GPUI offers three different levels of abstraction, called “registers”, that you can choose from depending on your needs. You can mix and match these approaches in the same application.

The Three Levels

1. State Management (Entities)

When to use: Managing application state that needs to communicate between different parts of your app.

Entities are GPUI’s solution for state management. They’re similar to Rc<RefCell<T>> but owned by GPUI itself, and can only be accessed through the framework’s context APIs.

struct Counter {
    count: i32,
}

// Create an entity
let counter = cx.new(|_cx| Counter { count: 0 });

// Update it later
counter.update(cx, |this, cx| {
    this.count += 1;
    cx.notify(); // Tell observers about the change
});

// Read it
let current_count = counter.read(cx).count;

Key features:

  • Owned by GPUI, accessed via Entity<T> handles
  • Observable: other parts of your app can react to changes
  • Safe concurrent access through the context system

See Entities and Ownership for details.

2. High-Level Declarative UI (Views)

When to use: Building most of your user interface.

Views are entities that can be rendered by implementing the Render trait.
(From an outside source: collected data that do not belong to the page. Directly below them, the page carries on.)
(* Let $S_u\subseteq[p]$, $S_v\subseteq[q]$ with $|S_u|=s_u$, $|S_v|=s_v$, let $B^\star\in\mathbb R^{p\times q}$ have all nonzero entries in $S_u\times S_v$, assume $n>s_us_v$, $\lambda>0$, and $\sigma_{\min}((\widehat\Sigma_X)_{S_uS_u})>0$, $\sigma_{\min}((\widehat\Sigma_Y)_{S_vS_v})>0$. Let $\tilde B\in\mathbb R^{s_u\times s_v}$ be a minimizer of $$\tfrac12\Big\|\tfrac1nX_{S_u}BY_{S_v}^\top-I_n\Big\|_F^2+\lambda\sum_{i,j}|B_{ij}|$$ and $\tilde\Delta=\tilde B-B^\star_{S_uS_v}$. Then $$\|\tilde\Delta\|_F\le\frac{2\big(\|\widehat\Sigma_{XY}-\widehat\Sigma_XB^\star\widehat\Sigma_Y\|_\infty+\lambda\big)}{\sigma_{\min}((\widehat\Sigma_X)_{S_uS_u})\,\sigma_{\min}((\widehat\Sigma_Y)_{S_vS_v})}\sqrt{s_us_v}.$$
   Context: $X\in\mathbb R^{n\times p}$, $Y\in\mathbb R^{n\times q}$ are data matrices; $X_{S_u}$ (resp. $Y_{S_v}$) is the submatrix of columns indexed by $S_u$ (resp. $S_v$). $\widehat\Sigma_X=X^\top X/n$, $\widehat\Sigma_Y=Y^\top Y/n$, $\widehat\Sigma_{XY}=X^\top Y/n$. $A_{S_1S_2}$ is the submatrix with rows in $S_1$ and columns in $S_2$; $\|A\|_\infty=\max_{ij}|A_{ij}|$; $\sigma_{\min}$ is the smallest singular value. *)

theory Defs
  imports "Jordan_Normal_Form.DL_Rank_Submatrix" "Jordan_Normal_Form.Char_Poly"
begin

text \<open>Matrices are Jordan_Normal_Form matrices (real mat), indices 0-based.
  Column selection X_S is submatrix X {..<dim_row X} S.\<close>

definition frob_norm :: "real mat \<Rightarrow> real" where
  "frob_norm A = sqrt (\<Sum>i<dim_row A. \<Sum>j<dim_col A. (A $$ (i,j))\<^sup>2)"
This is the main way you’ll build UIs in GPUI. Think of it like React components or SwiftUI views.

struct CounterView {
    counter: Entity<Counter>,
}

impl Render for CounterView {
    fn render(&mut self, cx: &mut ViewContext<Self>) -> impl IntoElement {
        let count = self.counter.read(cx).count;

        div()
            .flex()
            .flex_col()
            .gap_2()
            .child(format!("Count: {}", count))
            .child(
                div()
                    .bg(rgb(0x2563eb))
                    .text_color(white())
                    .px_4()
                    .py_2()
                    .rounded_md()
                    .child("Increment")
                    .on_click(cx.listener(|this, _event, cx| {
                        this.counter.update(cx, |counter, cx| {
                            counter.count += 1;
                            cx.notify();
                        });
                    }))
            )
    }
}

Key features:

  • Tailwind-inspired styling API (.flex(), .px_4(), etc.)
  • Declarative: describe what the UI should look like
  • Reactive: automatically re-renders when state changes
  • Built on top of the element system

See Views and Rendering for details.

3. Low-Level Imperative UI (Elements)

When to use: Maximum control and performance (custom lists, text editors, complex layouts).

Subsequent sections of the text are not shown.